Task description: Give every line from the entries that contains "sublocale".

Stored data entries
text \<open>The frame is obtained by solving first along
  the \<open>x\<close>-axis and then along the vertical lines.\<close>

locale zero_curvature_system =
  fixes A B Ay Bx :: "real \<Rightarrow> real \<Rightarrow> real^'n^'n"
  assumes continuous_A: "continuous_on UNIV (\<lambda>(x, y). A x y)"
    and continuous_B: "continuous_on UNIV (\<lambda>(x, y). B x y)"
    and continuous_Bx: "continuous_on UNIV (\<lambda>(x, y). Bx x y)"
    and A_has_derivative_y: "\<And>x y. ((\<lambda>y. A x y) has_vector_derivative Ay x y) (at y)"
    and B_has_derivative_x: "\<And>x y. ((\<lambda>x. B x y) has_vector_derivative Bx x y) (at x)"
    and zero_curvature: "\<And>x y. Ay x y - Bx x y = A x y ** B x y - B x y ** A x y"
    and skew_A: "\<And>x y. transpose (A x y) = - A x y"
    and skew_B: "\<And>x y. transpose (B x y) = - B x y"
begin

sublocale vertical: matrix_ode_family B Bx
  by unfold_locales (rule continuous_B continuous_Bx B_has_derivative_x)+

sublocale horizontal: matrix_ode_family "\<lambda>_ s. A s 0" "\<lambda>_ _. 0"
  by unfold_locales
    (auto simp: case_prod_unfold intro!: continuous_on_compose_uncurried[OF continuous_A] continuous_intros)

definition frame :: "real \<Rightarrow> real \<Rightarrow> real^'n^'n" where
  "frame x y = horizontal.sol 0 x ** vertical.sol x y"

lemma horizontal_has_derivative:
  "((\<lambda>x. horizontal.sol 0 x) has_vector_derivative horizontal.sol 0 x ** A x 0) (at x)"
  using horizontal.sol_has_derivative_y .

lemma vertical_x_derivative:
  "vertical.sol_dx x y = vertical.sol x y ** A x y - A x 0 ** vertical.sol x y"
proof -
  let ?D = "\<lambda>y. A x 0 ** vertical.sol x y + vertical.sol_dx x y - vertical.sol x y ** A x y"
  have "?D y = 0"
  proof (rule linear_ode_skew_unique_zero[where C="B x"])
    fix y
    let ?H = "vertical.sol x y" and ?Hx = "vertical.sol_dx x y" and ?A = "A x y" and ?B = "B x y"
    have "(?D has_vector_derivative
        (A x 0 ** (?H ** ?B) + 0 ** ?H) + (?Hx ** ?B + ?H ** Bx x y) - (?H ** Ay x y + (?H ** ?B) ** ?A)) (at y)"
      by (intro has_vector_derivative_diff has_vector_derivative_add vertical.sol_dx_has_derivative_y
          has_vector_derivative_matrix_mult[OF has_vector_derivative_const vertical.sol_has_derivative_y]
          has_vector_derivative_matrix_mult[OF vertical.sol_has_derivative_y A_has_derivative_y])
    moreover have "?H ** Ay x y = ?H ** Bx x y + (?H ** ?A) ** ?B - (?H ** ?B) ** ?A"
    proof -
      have "Ay x y = Bx x y + (?A ** ?B - ?B ** ?A)"
        using zero_curvature[of x y] by (simp add: algebra_simps)
      then show ?thesis by (simp add: matrix_mult_algebra)
    qed
    ultimately show "(?D has_vector_derivative ?D y ** ?B) (at y)"
      by (simp add: matrix_mult_algebra algebra_simps)
  qed (simp_all add: skew_B vertical.sol_0 vertical.sol_dx_0)
  then show ?thesis by (simp add: algebra_simps)
qed

lemma frame_has_derivative_x: "((\<lambda>x. frame x y) has_vector_derivative frame x y ** A x y) (at x)"
proof -
  have "((\<lambda>x. frame x y) has_vector_derivative
      horizontal.sol 0 x ** vertical.sol_dx x y + (horizontal.sol 0 x ** A x 0) ** vertical.sol x y) (at x)"
    unfolding frame_def
    by (rule has_vector_derivative_matrix_mult[OF horizontal_has_derivative vertical.sol_has_derivative_x])
  then show ?thesis
    by (simp add: frame_def vertical_x_derivative matrix_mult_algebra)
qed

lemma frame_has_derivative_y: "((\<lambda>y. frame x y) has_vector_derivative frame x y ** B x y) (at y)"
  using has_vector_derivative_matrix_mult[OF has_vector_derivative_const vertical.sol_has_derivative_y]
  by (simp add: frame_def matrix_mul_assoc)

lemma continuous_on_frame: "continuous_on UNIV (\<lambda>(x, y). frame x y)"
proof -
  have "continuous_on UNIV (\<lambda>x. horizontal.sol 0 x)"
    by (intro continuous_at_imp_continuous_on ballI has_vector_derivative_continuous[OF horizontal_has_derivative])
  from continuous_on_compose2[OF this continuous_on_fst[OF continuous_on_id], of UNIV]
  have "continuous_on UNIV (\<lambda>(x, y). horizontal.sol 0 x)" by (simp add: case_prod_unfold)
  then show ?thesis
    unfolding frame_def by (rule continuous_on_matrix_mult_uncurried[OF _ vertical.continuous_on_sol])
qed

lemma frame_orthogonal: "frame x y ** transpose (frame x y) = mat 1"
proof -
  have "frame x y ** transpose (frame x y) =
      horizontal.sol 0 x ** (vertical.sol x y ** transpose (vertical.sol x y)) ** transpose (horizontal.sol 0 x)"
    by (simp add: frame_def matrix_transpose_mul matrix_mul_assoc)
  also have "\<dots> = mat 1"
    using linear_ode_skew_orthogonal[OF vertical.sol_has_derivative_y skew_B vertical.sol_0]
      linear_ode_skew_orthogonal[OF horizontal_has_derivative skew_A horizontal.sol_0]
    by simp
  finally show ?thesis .
qed

lemma frame_det: "det (frame x y) = 1"
  using linear_ode_skew_det[OF vertical.sol_has_derivative_y skew_B vertical.sol_0]
    linear_ode_skew_det[OF horizontal_has_derivative skew_A horizontal.sol_0]
  by (simp add: frame_def det_mul)

lemma frame_rotation: "rotation_matrix (frame x y)"
  using frame_orthogonal frame_det matrix_left_right_inverse[of "frame x y" "transpose (frame x y)"]
  by (simp add: rotation_matrix_def orthogonal_matrix_def)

Response to the exercise:
sublocale vertical: matrix_ode_family B Bx
sublocale horizontal: matrix_ode_family "\<lambda>_ s. A s 0" "\<lambda>_ _. 0"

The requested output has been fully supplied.